## PROBLEM TO WORK ON:
Copy out all the lines in the records that include the word "notin".
START RECORDS SHOWN
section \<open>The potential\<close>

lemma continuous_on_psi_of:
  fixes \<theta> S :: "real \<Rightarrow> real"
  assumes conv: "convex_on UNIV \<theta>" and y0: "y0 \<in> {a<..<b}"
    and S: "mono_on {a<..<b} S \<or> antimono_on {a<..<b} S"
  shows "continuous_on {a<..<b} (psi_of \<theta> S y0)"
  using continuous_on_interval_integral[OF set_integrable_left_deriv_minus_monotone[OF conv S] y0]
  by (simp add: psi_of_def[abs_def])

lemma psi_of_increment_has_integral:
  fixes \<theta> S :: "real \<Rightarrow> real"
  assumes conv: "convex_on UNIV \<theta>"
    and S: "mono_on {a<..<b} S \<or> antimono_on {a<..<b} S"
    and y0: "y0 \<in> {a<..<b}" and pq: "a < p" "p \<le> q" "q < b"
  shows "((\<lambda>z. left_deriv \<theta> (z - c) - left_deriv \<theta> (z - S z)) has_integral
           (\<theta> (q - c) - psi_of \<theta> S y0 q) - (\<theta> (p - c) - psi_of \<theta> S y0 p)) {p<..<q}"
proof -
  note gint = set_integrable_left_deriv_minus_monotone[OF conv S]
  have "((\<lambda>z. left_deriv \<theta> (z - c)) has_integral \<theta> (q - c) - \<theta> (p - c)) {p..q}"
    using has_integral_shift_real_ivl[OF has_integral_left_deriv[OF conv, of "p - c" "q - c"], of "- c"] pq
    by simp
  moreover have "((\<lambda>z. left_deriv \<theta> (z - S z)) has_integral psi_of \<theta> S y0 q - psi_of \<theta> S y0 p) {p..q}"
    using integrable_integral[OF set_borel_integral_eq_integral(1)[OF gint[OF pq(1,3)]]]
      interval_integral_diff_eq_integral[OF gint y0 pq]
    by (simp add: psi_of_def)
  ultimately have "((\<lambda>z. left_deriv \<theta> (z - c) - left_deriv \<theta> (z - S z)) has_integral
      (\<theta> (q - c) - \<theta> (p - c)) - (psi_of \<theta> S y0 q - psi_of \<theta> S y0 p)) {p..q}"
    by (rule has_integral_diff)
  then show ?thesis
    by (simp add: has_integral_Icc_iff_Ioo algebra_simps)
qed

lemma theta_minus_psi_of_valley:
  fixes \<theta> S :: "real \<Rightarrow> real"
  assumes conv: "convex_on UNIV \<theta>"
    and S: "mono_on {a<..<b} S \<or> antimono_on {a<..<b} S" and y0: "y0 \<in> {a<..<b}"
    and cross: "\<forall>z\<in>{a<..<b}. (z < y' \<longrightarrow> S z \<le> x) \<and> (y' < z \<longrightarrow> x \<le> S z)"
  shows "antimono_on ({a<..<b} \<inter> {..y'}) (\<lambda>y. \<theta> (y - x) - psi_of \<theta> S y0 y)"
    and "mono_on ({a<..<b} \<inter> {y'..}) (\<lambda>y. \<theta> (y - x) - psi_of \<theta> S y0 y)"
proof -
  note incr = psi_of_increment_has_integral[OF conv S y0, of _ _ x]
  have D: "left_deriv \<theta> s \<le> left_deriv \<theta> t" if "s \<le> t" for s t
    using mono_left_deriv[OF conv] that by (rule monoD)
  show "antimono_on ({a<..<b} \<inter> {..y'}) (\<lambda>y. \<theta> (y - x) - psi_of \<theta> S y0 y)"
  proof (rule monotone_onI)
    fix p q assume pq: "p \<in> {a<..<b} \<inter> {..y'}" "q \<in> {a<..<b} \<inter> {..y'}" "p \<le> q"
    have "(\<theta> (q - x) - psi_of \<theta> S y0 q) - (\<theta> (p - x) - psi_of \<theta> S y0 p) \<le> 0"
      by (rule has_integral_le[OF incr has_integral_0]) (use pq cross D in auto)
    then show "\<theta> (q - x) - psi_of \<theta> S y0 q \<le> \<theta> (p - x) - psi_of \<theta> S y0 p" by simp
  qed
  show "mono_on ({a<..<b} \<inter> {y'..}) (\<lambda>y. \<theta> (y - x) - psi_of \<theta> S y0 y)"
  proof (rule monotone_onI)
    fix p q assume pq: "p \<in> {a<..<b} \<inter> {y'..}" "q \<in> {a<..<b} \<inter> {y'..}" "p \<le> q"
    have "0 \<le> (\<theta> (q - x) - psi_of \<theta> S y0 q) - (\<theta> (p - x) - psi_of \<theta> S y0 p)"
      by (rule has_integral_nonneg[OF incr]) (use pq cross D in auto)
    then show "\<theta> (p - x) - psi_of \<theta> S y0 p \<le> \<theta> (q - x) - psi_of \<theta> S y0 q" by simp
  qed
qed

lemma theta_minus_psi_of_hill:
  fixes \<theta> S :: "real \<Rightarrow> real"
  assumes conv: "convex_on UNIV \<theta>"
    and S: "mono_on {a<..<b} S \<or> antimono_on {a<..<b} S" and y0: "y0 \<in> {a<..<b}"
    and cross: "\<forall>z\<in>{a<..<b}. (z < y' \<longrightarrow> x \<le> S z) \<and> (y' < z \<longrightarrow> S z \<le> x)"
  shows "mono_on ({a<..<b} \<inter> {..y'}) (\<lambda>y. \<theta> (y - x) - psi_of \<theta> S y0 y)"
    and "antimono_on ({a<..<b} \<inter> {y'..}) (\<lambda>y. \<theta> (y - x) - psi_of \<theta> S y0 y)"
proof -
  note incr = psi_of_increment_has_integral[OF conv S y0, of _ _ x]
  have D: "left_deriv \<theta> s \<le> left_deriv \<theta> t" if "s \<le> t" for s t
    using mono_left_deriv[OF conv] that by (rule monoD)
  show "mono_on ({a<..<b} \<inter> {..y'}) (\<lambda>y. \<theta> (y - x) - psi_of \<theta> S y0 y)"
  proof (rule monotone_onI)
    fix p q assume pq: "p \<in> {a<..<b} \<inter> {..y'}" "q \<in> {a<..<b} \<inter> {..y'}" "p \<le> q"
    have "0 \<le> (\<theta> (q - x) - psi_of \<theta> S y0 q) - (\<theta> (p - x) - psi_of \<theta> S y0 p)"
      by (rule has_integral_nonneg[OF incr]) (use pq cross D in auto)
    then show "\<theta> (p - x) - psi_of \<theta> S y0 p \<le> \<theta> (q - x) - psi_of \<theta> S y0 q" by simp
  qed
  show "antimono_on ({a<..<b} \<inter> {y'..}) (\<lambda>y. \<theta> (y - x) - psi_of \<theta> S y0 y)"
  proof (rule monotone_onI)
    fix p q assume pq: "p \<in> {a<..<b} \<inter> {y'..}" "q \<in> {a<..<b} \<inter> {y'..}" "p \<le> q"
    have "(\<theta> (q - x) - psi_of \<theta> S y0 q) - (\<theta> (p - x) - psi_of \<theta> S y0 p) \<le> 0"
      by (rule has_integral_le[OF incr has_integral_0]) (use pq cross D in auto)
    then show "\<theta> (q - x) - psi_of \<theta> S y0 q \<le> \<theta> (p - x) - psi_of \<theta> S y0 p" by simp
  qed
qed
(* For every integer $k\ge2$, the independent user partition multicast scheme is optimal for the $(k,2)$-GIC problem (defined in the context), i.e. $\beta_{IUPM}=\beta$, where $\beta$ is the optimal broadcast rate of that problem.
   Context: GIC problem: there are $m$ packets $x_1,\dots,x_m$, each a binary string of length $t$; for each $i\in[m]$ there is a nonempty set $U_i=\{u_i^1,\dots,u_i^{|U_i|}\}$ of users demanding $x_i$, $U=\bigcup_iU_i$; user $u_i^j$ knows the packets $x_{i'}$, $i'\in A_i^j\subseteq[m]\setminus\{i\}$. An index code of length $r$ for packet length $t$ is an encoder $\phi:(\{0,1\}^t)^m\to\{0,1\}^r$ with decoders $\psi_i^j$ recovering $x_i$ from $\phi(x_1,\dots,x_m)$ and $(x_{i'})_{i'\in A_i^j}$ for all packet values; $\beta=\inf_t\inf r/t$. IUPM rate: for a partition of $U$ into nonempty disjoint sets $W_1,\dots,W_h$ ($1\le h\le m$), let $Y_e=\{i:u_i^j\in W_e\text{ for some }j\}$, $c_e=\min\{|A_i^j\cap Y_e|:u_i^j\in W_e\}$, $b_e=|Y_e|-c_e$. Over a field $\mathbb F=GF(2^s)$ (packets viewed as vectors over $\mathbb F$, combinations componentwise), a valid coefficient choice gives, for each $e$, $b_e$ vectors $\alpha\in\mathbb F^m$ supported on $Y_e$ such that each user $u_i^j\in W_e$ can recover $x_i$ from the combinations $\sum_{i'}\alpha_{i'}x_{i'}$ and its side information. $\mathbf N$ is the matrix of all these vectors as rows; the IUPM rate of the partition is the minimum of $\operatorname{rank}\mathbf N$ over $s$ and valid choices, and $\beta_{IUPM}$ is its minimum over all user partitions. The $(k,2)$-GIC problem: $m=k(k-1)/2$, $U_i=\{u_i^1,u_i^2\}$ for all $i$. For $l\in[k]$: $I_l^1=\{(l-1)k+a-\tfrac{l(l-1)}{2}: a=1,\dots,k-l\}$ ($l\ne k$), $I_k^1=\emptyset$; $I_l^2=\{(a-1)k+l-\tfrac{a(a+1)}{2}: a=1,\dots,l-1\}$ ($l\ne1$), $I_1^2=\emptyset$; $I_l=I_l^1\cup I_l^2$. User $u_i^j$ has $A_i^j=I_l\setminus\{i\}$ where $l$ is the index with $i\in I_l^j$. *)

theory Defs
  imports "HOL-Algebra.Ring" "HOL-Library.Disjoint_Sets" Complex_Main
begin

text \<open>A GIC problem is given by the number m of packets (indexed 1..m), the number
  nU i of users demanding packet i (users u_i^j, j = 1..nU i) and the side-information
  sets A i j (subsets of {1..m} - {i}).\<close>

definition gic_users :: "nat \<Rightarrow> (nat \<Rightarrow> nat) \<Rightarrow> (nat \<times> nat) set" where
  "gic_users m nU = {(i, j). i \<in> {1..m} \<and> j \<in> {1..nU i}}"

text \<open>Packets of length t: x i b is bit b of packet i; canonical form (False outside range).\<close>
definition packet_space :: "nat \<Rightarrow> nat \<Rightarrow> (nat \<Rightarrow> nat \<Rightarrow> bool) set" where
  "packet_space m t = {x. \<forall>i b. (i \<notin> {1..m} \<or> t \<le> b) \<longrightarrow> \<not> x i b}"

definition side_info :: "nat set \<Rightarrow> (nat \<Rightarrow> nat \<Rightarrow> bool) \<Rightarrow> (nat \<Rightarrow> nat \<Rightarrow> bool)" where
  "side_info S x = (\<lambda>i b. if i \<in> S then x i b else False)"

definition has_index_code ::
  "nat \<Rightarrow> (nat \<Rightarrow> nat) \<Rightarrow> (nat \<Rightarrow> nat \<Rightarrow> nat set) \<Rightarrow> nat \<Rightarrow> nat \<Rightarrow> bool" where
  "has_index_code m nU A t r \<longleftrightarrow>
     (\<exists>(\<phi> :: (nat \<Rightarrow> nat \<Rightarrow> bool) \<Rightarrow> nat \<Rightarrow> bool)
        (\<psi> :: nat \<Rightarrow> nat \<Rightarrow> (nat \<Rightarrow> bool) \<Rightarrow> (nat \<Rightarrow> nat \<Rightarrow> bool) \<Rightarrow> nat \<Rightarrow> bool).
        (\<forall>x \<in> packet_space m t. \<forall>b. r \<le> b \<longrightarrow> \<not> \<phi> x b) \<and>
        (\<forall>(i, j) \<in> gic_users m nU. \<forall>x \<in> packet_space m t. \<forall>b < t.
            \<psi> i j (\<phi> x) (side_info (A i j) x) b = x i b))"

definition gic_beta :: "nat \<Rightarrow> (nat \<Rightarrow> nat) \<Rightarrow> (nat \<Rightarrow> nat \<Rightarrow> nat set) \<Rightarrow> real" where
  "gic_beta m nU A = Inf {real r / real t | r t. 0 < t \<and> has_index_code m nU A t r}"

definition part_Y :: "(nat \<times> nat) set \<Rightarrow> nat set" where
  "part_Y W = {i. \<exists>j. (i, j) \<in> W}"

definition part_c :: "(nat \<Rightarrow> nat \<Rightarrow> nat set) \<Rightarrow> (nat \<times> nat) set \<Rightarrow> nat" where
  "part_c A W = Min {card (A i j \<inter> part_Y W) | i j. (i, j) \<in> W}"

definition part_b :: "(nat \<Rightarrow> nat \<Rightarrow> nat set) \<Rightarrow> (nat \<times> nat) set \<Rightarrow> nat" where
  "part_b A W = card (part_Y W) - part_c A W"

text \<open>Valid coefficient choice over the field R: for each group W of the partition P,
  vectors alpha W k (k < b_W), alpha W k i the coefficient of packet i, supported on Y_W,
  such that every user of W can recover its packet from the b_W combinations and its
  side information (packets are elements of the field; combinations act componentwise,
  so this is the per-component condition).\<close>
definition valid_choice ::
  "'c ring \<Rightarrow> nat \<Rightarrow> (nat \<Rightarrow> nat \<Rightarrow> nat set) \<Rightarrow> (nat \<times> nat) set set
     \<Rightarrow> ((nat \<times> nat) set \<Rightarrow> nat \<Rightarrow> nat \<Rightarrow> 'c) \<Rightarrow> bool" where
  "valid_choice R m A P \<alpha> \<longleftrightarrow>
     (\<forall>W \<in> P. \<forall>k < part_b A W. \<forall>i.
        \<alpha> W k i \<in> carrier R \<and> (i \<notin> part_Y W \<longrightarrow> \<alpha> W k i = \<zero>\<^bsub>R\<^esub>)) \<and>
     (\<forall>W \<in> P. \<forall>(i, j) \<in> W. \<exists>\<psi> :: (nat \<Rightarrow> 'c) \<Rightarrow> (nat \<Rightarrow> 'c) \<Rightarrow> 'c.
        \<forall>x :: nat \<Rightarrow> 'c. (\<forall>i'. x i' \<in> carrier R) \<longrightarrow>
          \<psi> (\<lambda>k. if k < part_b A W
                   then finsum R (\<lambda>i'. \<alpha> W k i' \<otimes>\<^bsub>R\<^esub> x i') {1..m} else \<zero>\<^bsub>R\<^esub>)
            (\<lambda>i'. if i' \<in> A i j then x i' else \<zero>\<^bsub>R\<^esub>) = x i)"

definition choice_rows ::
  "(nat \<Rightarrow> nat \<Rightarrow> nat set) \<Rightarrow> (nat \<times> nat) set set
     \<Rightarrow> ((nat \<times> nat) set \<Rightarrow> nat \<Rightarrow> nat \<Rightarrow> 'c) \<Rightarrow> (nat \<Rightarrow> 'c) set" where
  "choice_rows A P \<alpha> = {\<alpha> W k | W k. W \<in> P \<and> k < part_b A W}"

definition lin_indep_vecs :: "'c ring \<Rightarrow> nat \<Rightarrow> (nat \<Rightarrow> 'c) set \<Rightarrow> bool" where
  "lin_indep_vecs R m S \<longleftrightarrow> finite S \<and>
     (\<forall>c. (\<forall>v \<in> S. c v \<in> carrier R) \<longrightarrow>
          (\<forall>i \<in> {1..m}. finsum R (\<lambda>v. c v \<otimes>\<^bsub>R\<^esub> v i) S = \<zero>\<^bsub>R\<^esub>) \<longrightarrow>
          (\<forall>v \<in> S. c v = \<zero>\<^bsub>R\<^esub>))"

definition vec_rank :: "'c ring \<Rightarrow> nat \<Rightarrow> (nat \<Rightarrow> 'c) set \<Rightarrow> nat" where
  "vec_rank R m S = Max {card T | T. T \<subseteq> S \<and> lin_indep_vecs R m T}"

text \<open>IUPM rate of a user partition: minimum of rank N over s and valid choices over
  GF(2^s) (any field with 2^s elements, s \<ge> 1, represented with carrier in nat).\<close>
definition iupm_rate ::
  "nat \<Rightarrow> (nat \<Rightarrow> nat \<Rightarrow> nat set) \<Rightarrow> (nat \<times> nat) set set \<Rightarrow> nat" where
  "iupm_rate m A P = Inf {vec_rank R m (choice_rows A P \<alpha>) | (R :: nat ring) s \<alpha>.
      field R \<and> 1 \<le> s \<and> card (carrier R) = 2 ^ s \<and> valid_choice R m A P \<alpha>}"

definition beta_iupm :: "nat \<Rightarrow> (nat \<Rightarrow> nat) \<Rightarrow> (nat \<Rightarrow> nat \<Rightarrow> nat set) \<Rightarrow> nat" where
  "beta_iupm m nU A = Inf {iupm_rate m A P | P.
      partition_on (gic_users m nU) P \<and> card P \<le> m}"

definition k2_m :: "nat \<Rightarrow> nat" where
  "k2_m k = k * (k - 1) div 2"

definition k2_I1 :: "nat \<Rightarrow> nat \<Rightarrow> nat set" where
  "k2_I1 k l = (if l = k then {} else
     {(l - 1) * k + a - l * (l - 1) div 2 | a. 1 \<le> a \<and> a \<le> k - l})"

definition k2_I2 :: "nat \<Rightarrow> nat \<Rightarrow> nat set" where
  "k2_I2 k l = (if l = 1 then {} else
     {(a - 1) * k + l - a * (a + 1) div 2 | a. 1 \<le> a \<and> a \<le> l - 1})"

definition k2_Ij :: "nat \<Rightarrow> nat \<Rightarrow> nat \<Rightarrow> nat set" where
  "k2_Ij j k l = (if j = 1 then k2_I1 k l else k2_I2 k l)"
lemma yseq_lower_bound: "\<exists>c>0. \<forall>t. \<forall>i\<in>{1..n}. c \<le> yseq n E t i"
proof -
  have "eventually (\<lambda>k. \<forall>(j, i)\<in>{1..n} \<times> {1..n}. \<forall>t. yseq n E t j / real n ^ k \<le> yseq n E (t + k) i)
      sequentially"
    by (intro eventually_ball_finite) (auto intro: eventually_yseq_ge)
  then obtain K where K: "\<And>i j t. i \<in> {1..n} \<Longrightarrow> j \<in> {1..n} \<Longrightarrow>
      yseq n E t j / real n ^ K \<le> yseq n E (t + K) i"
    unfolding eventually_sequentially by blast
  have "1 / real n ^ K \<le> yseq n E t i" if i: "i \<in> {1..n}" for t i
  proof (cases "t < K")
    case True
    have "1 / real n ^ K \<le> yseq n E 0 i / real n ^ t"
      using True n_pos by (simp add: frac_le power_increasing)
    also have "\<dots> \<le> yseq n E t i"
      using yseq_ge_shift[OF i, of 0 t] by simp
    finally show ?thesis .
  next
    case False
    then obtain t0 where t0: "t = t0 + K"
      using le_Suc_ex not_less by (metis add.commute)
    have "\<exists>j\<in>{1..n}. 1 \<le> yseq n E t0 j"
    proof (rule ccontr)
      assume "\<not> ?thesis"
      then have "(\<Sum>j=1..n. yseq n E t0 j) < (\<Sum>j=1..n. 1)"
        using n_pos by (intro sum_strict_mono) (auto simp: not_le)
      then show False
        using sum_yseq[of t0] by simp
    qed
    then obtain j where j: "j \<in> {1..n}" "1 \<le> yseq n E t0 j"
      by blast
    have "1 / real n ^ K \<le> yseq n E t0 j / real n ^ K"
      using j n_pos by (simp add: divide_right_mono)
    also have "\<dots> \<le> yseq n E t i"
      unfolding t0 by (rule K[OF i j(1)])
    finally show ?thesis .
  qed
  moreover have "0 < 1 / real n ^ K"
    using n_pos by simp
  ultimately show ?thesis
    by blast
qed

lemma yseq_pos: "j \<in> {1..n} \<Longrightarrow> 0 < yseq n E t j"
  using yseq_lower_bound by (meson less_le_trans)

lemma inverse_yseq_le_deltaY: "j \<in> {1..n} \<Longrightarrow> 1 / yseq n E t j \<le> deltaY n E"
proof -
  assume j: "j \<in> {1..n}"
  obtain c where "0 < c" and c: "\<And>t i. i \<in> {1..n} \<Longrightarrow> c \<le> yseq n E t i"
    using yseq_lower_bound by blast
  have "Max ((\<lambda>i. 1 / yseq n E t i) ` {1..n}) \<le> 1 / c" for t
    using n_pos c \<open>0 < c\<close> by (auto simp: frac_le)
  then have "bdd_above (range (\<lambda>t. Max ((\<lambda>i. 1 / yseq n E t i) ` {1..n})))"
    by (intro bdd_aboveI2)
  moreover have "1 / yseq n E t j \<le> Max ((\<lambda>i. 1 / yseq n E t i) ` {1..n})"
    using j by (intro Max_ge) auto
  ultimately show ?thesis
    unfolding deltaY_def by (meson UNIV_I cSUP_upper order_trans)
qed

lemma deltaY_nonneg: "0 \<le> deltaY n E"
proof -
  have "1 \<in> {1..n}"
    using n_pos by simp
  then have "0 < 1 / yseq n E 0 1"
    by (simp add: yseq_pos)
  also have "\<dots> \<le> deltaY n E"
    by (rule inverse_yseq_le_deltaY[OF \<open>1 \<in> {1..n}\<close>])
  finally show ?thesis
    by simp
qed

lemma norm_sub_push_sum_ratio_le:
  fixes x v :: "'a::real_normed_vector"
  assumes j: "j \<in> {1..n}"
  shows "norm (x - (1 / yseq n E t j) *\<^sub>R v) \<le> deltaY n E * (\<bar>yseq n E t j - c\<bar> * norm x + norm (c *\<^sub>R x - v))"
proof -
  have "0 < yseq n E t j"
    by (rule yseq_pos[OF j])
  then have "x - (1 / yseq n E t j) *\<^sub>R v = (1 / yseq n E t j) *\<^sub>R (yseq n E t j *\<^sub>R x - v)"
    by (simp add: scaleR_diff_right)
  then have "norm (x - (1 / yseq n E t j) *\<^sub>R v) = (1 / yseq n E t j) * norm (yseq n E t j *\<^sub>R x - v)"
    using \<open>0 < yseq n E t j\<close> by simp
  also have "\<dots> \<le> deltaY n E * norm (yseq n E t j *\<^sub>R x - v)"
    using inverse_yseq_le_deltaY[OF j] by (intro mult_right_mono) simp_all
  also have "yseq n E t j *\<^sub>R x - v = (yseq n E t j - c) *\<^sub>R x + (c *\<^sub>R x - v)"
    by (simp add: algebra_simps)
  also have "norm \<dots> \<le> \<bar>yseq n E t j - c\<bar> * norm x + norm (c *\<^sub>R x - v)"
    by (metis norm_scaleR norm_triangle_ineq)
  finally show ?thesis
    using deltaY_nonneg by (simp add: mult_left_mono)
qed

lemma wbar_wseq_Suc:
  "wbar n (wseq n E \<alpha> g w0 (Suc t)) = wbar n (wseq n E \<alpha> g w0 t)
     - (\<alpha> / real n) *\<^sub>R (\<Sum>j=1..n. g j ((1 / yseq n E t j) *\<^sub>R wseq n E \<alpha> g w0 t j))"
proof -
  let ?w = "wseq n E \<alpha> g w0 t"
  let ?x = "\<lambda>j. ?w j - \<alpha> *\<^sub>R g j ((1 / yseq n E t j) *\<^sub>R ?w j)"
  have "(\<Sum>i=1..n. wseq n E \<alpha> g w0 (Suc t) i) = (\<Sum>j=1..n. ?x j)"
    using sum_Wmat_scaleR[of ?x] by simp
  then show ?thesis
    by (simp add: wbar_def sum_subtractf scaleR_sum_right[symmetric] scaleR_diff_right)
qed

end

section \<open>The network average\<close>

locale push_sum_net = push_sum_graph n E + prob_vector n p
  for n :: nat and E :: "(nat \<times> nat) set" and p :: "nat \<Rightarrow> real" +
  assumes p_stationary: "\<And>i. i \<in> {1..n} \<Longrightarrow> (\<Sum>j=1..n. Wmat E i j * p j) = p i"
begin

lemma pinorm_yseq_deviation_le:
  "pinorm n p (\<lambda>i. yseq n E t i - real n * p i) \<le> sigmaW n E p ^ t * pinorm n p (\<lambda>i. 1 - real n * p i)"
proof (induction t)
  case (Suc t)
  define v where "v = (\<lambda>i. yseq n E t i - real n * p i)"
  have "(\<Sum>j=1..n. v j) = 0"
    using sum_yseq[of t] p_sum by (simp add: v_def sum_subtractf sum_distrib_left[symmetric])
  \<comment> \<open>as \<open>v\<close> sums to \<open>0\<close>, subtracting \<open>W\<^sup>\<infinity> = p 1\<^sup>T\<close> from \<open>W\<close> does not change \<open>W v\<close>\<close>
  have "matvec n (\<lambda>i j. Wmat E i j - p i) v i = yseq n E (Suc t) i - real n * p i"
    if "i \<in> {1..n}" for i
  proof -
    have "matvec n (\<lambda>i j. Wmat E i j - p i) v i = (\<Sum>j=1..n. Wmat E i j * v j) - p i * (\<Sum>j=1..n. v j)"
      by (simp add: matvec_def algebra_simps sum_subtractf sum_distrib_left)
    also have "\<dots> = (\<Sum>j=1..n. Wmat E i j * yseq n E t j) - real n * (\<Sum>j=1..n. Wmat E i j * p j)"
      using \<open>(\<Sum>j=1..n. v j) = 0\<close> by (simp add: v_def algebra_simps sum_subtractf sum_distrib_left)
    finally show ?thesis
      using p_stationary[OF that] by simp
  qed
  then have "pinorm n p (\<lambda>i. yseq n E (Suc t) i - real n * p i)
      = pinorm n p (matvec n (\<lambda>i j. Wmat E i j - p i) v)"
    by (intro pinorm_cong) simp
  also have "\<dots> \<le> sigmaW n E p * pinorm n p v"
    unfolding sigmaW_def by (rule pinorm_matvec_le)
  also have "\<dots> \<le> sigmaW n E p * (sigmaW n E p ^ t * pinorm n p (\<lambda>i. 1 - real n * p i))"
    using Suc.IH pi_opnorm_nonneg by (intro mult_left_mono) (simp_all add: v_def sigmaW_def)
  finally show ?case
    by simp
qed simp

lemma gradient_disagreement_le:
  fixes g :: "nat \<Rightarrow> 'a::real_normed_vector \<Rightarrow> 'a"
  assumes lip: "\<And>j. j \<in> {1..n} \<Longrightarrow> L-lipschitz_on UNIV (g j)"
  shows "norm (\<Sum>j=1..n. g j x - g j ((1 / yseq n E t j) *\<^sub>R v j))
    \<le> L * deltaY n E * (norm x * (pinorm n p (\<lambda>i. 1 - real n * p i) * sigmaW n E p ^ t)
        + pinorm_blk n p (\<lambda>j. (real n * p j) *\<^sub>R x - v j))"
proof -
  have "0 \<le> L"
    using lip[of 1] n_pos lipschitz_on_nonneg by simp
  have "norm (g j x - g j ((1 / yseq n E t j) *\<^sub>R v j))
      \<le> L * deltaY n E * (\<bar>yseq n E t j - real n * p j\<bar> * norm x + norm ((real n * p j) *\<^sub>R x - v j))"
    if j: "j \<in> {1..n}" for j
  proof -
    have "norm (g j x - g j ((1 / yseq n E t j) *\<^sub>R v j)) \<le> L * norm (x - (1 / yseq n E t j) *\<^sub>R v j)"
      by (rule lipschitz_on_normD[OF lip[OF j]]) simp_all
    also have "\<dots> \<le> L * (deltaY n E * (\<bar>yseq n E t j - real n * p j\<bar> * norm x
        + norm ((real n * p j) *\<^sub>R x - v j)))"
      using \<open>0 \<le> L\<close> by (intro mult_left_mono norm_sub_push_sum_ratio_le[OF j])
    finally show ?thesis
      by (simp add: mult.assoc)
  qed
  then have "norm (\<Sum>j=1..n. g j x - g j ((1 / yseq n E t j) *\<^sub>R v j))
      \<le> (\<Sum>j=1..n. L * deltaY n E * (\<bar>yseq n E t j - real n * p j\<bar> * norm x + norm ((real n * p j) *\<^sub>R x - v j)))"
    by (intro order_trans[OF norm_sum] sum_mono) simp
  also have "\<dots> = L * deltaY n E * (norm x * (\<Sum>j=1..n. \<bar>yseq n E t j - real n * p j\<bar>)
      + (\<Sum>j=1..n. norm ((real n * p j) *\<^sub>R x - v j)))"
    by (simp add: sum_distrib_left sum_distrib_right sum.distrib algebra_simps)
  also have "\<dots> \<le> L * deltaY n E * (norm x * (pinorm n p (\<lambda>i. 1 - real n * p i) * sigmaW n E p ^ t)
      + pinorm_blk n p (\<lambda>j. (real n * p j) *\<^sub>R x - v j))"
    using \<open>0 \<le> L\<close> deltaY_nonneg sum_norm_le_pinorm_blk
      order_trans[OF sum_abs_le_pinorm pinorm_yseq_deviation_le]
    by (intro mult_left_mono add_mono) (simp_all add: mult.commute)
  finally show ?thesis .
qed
END RECORDS SHOWN
## RESULT BELOW:
  "packet_space m t = {x. \<forall>i b. (i \<notin> {1..m} \<or> t \<le> b) \<longrightarrow> \<not> x i b}"
        \<alpha> W k i \<in> carrier R \<and> (i \<notin> part_Y W \<longrightarrow> \<alpha> W k i = \<zero>\<^bsub>R\<^esub>)) \<and>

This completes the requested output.